Промокавшая профессору лоб медсестра использовала уже шестую стерильную салфетку. Другая медсестра была вынуждена принести второй комплект инструментов, а перед этим поменять третий судок с испачканными кровью тампонами.
Наконец, ребенка извлекли. Он не дышал.
— В реанимацию! Очистить легкие и под ИВЛ! — скомандовал Акулов.
Ребенка унесли в соседнее помещение.
— Что с давлением? — спросил доктор.
— Давление девяносто на сорок.

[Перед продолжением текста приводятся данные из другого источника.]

(* Let $V\in(\mathbb{R}\cup\{-\infty\})^{n\times p}$ have no row and no column identically equal to $-\infty$. If a Hilbert ball $B(a,r)$ with $a\in\mathbb{R}^n$ and radius $r>0$ is included in $\operatorname{Col}(V)$, then it is also included in a simplicial tropical cone generated by some $n$ columns of $V$.
   Context: $\mathbb{R}_{\max}=\mathbb{R}\cup\{-\infty\}$. A tropical cone is a subset $\mathcal{C}\subset\mathbb{R}_{\max}^n$ such that $x,y\in\mathcal C$, $\lambda\in\mathbb{R}_{\max}$ imply $\lambda+x\in\mathcal C$ and $x\vee y=(\max(x_i,y_i))_i\in\mathcal C$. $\operatorname{Col}(V)$ is the tropical cone generated by the columns of $V$, i.e. $\{Vx:x\in\mathbb{R}_{\max}^p\}$ with $(Vx)_i=\max_k(V_{ik}+x_k)$. Hilbert's projective metric: $d(x,y)=\inf\{\lambda-\mu:\lambda,\mu\in\mathbb{R},\ \mu+y_i\le x_i\le\lambda+y_i\ \forall i\}$; $B(a,r)=\{x\in\mathbb{R}_{\max}^n:d(a,x)\le r\}$. A vector $u$ of a tropical cone $\mathcal C$ is extreme if $u=v\vee w$ with $v,w\in\mathcal C$ implies $u=v$ or $u=w$; an extreme direction is a set $\{\lambda+u:\lambda\in\mathbb{R}_{\max}\}$ with $u$ extreme. A tropical cone in $\mathbb{R}_{\max}^n$ is simplicial if it has precisely $n$ extreme directions. *)

theory Defs
  imports "HOL-Library.Extended_Real"
begin

text \<open>R_max is modelled as the extended reals without +infinity; the bottom
element is MInfty. Vectors of R_max^n are functions from a finite index type.\<close>

definition rmax_vec :: "('n \<Rightarrow> ereal) \<Rightarrow> bool" where
  "rmax_vec x \<longleftrightarrow> (\<forall>i. x i \<noteq> \<infinity>)"

definition rmax_vecs :: "('n \<Rightarrow> ereal) set" where
  "rmax_vecs = {x. rmax_vec x}"

definition tropical_cone :: "('n \<Rightarrow> ereal) set \<Rightarrow> bool" where
  "tropical_cone C \<longleftrightarrow> C \<subseteq> rmax_vecs \<and>
     (\<forall>x\<in>C. \<forall>l::ereal. l \<noteq> \<infinity> \<longrightarrow> (\<lambda>i. l + x i) \<in> C) \<and>
     (\<forall>x\<in>C. \<forall>y\<in>C. (\<lambda>i. max (x i) (y i)) \<in> C)"

definition col_sub :: "('n \<Rightarrow> 'p \<Rightarrow> ereal) \<Rightarrow> 'p set \<Rightarrow> ('n \<Rightarrow> ereal) set" where
  "col_sub V S = {y. \<exists>c::'p \<Rightarrow> ereal. rmax_vec c \<and> y = (\<lambda>i. SUP k\<in>S. V i k + c k)}"

definition Col :: "('n \<Rightarrow> 'p \<Rightarrow> ereal) \<Rightarrow> ('n \<Rightarrow> ereal) set" where
  "Col V = col_sub V UNIV"

definition hilbert_dist :: "('n \<Rightarrow> ereal) \<Rightarrow> ('n \<Rightarrow> ereal) \<Rightarrow> ereal" where
  "hilbert_dist x y = Inf {ereal (l - m) | l m :: real.
      \<forall>i. ereal m + y i \<le> x i \<and> x i \<le> ereal l + y i}"

definition hilbert_ball :: "('n \<Rightarrow> ereal) \<Rightarrow> real \<Rightarrow> ('n \<Rightarrow> ereal) set" where
  "hilbert_ball a r = {x \<in> rmax_vecs. hilbert_dist a x \<le> ereal r}"

definition extreme_vec :: "('n \<Rightarrow> ereal) set \<Rightarrow> ('n \<Rightarrow> ereal) \<Rightarrow> bool" where
  "extreme_vec C u \<longleftrightarrow> u \<in> C \<and>
     (\<forall>v\<in>C. \<forall>w\<in>C. u = (\<lambda>i. max (v i) (w i)) \<longrightarrow> u = v \<or> u = w)"

definition extreme_directions :: "('n \<Rightarrow> ereal) set \<Rightarrow> ('n \<Rightarrow> ereal) set set" where
  "extreme_directions C = {D. \<exists>u. extreme_vec C u \<and> u \<noteq> (\<lambda>i. -\<infinity>) \<and>
      D = {(\<lambda>i. l + u i) | l::ereal. l \<noteq> \<infinity>}}"

definition simplicial :: "('n::finite \<Rightarrow> ereal) set \<Rightarrow> bool" where
  "simplicial C \<longleftrightarrow> tropical_cone C \<and> finite (extreme_directions C) \<and>
     card (extreme_directions C) = card (UNIV :: 'n set)"

end

theory Submission
  imports Defs
begin

text \<open>For each \<open>j\<close>, the point of the ball that equals \<open>a\<^sub>j\<close> at \<open>j\<close> and \<open>a\<^sub>i - r\<close> elsewhere
  lies in \<open>Col V\<close>; a column of \<open>V\<close> attaining its \<open>j\<close>-th coordinate, shifted by a scalar, is a
  vector \<open>W\<^sub>j\<close> with \<open>W\<^sub>j\<^sub>j = a\<^sub>j\<close> and \<open>W\<^sub>i\<^sub>j \<le> a\<^sub>i - r\<close> for \<open>i \<noteq> j\<close>. Every \<open>b\<close> in the ball is the
  tropical combination \<open>max\<^sub>j (b\<^sub>j - a\<^sub>j + W\<^sub>j)\<close>, so the ball lies in the cone generated by these
  \<open>n\<close> columns. The matrix \<open>W\<close> has a strictly dominant diagonal,
  \<open>W\<^sub>i\<^sub>j + W\<^sub>j\<^sub>i < W\<^sub>i\<^sub>i + W\<^sub>j\<^sub>j\<close>, which makes its columns pairwise non-proportional and each of
  them extreme; since every extreme vector of a finitely generated cone is a multiple of a
  generator, the cone has exactly \<open>n\<close> extreme directions.\<close>

lemma SUP_finite_attained:
  fixes f :: "'a::finite \<Rightarrow> 'b::complete_linorder"
  obtains j where "(SUP j. f j) = f j"
proof -
  have "Sup (range f) \<in> range f"
    by (rule finite_Sup_in) (auto simp: sup_max max_def)
  then show ?thesis using that by auto
qed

Стабильное. Пульс сорок восемь.
Причиной низкого давления была большая кровопотеря.
— Приготовьте еще одну инъекцию окситоцина, — распорядился профессор.
Один из ассистентов занялся приготовлением.
— Отделяем плаценту и обследуем полость матки…
«Громов» все ближе и ближе подбирался к месту аварии вертолета. Сокращалась дистанция и до «Семен Семеныча», от которого льдина с лежащим на боку вертолетом колыхалась на волнах в каких-то 200 метрах. Сложность ситуации состояла и в том, что вокруг была относительно чистая вода, и льдину подтаскивало ветром к айсбергу.
Меж тем паутинка трещин, расходящаяся от того места, куда Ми-2 приложился основными стойками шасси, разрасталась. С сухим коротким звуком, напоминавшим ружейные выстрелы, трещины делались длиннее и шире. Ветер и волнение водной поверхности помогали льдине разрушаться.